(Source data)
● ● ● ● ● ● ●
(* Let $n>1$. For each $k\ge1$ the set of $N\in\mathcal{G}_n$ with $\mathbb{F}_n/N$ nilpotent of class at most $k$ is clopen, and the set $\{N\in\mathcal{G}_n:\mathbb{F}_n/N\text{ is nilpotent}\}$ is $\mathbf{\Sigma}^0_1$-complete.
   Context: $\mathbb{F}_n$ is the free group on $\gamma_1,\dots,\gamma_n$. $\mathcal{G}_n$ is the set of normal subgroups $N\trianglelefteq\mathbb{F}_n$, viewed as a subset of $\{0,1\}^{\mathbb{F}_n}$ with the subspace topology of the product of discrete topologies (a compact zero-dimensional Polish space). $\mathbf{\Sigma}^0_1$ = open sets. $A\subseteq X$ is $\mathbf{\Sigma}^0_1$-complete if it is open and for every zero-dimensional Polish space $Y$ and every open $B\subseteq Y$ there is a continuous $f:Y\to X$ with $f^{-1}[A]=B$. *)

theory Defs
  imports "HOL-Analysis.Analysis" "HOL-Algebra.Algebra"
begin

text \<open>Words over letters (i, b): (i, True) stands for gamma_(i+1), (i, False) for its inverse,
  with 0 <= i < n.\<close>

type_synonym fg_word = "(nat \<times> bool) list"

definition letter_inv :: "nat \<times> bool \<Rightarrow> nat \<times> bool" where
  "letter_inv x = (fst x, \<not> snd x)"

fun cancel_cons :: "nat \<times> bool \<Rightarrow> fg_word \<Rightarrow> fg_word" where
  "cancel_cons x [] = [x]"
| "cancel_cons x (y # ys) = (if y = letter_inv x then ys else x # y # ys)"

definition reduce :: "fg_word \<Rightarrow> fg_word" where
  "reduce w = foldr cancel_cons w []"

fun reduced :: "fg_word \<Rightarrow> bool" where
  "reduced (x # y # ys) = (y \<noteq> letter_inv x \<and> reduced (y # ys))"
| "reduced _ = True"

definition free_group :: "nat \<Rightarrow> fg_word monoid" where
  "free_group n = \<lparr> carrier = {w. reduced w \<and> (\<forall>x\<in>set w. fst x < n)},
                    mult = (\<lambda>u v. reduce (u @ v)),
                    one = [] \<rparr>"

text \<open>lower_central G 0 = G (= gamma_1), lower_central G (Suc i) = [gamma_(i+1), G].\<close>

fun lower_central :: "('a, 'b) monoid_scheme \<Rightarrow> nat \<Rightarrow> 'a set" where
  "lower_central G 0 = carrier G"
| "lower_central G (Suc i) =
     generate G (\<Union>h1 \<in> lower_central G i. \<Union>h2 \<in> carrier G.
        { h1 \<otimes>\<^bsub>G\<^esub> h2 \<otimes>\<^bsub>G\<^esub> inv\<^bsub>G\<^esub> h1 \<otimes>\<^bsub>G\<^esub> inv\<^bsub>G\<^esub> h2 })"

definition nilpotent_class_le :: "('a, 'b) monoid_scheme \<Rightarrow> nat \<Rightarrow> bool" where
  "nilpotent_class_le G k \<longleftrightarrow> lower_central G k = {\<one>\<^bsub>G\<^esub>}"

definition nilpotent_grp :: "('a, 'b) monoid_scheme \<Rightarrow> bool" where
  "nilpotent_grp G \<longleftrightarrow> (\<exists>k. nilpotent_class_le G k)"

text \<open>A subset of F_n is encoded by its characteristic function fg_word \<Rightarrow> bool
  (false outside F_n).  The ambient space is the product of discrete spaces;
  since all points of G_n vanish off F_n, this is homeomorphic to {0,1}^F_n restricted to G_n.\<close>

definition Gn_points :: "nat \<Rightarrow> (fg_word \<Rightarrow> bool) set" where
  "Gn_points n = {P. normal {w. P w} (free_group n)}"

definition Gn_top :: "nat \<Rightarrow> (fg_word \<Rightarrow> bool) topology" where
  "Gn_top n = subtopology (product_topology (\<lambda>_. discrete_topology (UNIV :: bool set)) UNIV)
                          (Gn_points n)"

definition Polish_top :: "'a topology \<Rightarrow> bool" where
  "Polish_top Z \<longleftrightarrow> completely_metrizable_space Z \<and> separable_space Z"

definition zero_dim_Polish :: "'a topology \<Rightarrow> bool" where
  "zero_dim_Polish Z \<longleftrightarrow> Polish_top Z \<and> Z dim_le 0"

definition clopenin :: "'a topology \<Rightarrow> 'a set \<Rightarrow> bool" where
  "clopenin T U \<longleftrightarrow> openin T U \<and> closedin T U"

text \<open>Sigma^0_1-completeness, relative to zero-dimensional Polish spaces carried by type 'y.
  In the main theorem 'y is a free (hence universally quantified) type variable.\<close>
definition Sigma01_complete :: "'y itself \<Rightarrow> 'a topology \<Rightarrow> 'a set \<Rightarrow> bool" where
  "Sigma01_complete _ T S \<longleftrightarrow> openin T S \<and>
     (\<forall>(Z :: 'y topology) U. zero_dim_Polish Z \<and> openin Z U \<longrightarrow>
        (\<exists>f. continuous_map Z T f \<and> {y \<in> topspace Z. f y \<in> S} = U))"

end

theory Submission
  imports Defs
begin

(*
  Write lower_central F k for the (k+1)-st term of the lower central series of F = F_n.  Since the
  generators generate F, a normal subgroup N contains lower_central F k iff it contains the finitely
  many left-normed commutators of length k + 1 in the generators.  So "F/N has class at most k" is
  a clopen condition on N, and "F/N is nilpotent", the union over k, is open.

  For completeness, write an open subset U of a zero-dimensional Polish space as a union of clopen
  sets V_0, V_1, ... and send y to lower_central F i for the least i with y in V_i, and to the
  intersection of the whole series if y is not in U.  As the series decreases, this map is
  continuous, and outside U its values have non-nilpotent quotients: for n >= 2 the lower central
  series of F never stabilises, as the map onto the infinite dihedral group shows, whose k-th term
  consists of the translations by multiples of 2^k.
*)

section \<open>The free group\<close>

lemma letter_inv_letter_inv [simp]: "letter_inv (letter_inv x) = x"
  by (simp add: letter_inv_def)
● ● ● ● ● ● ●
[Aim of the task] Scan the records above and show every line in which the word "series" occurs.

[Answer to this exercise]
  Write lower_central F k for the (k+1)-st term of the lower central series of F = F_n.  Since the
  intersection of the whole series if y is not in U.  As the series decreases, this map is
  series of F never stabilises, as the map onto the infinite dihedral group shows, whose k-th term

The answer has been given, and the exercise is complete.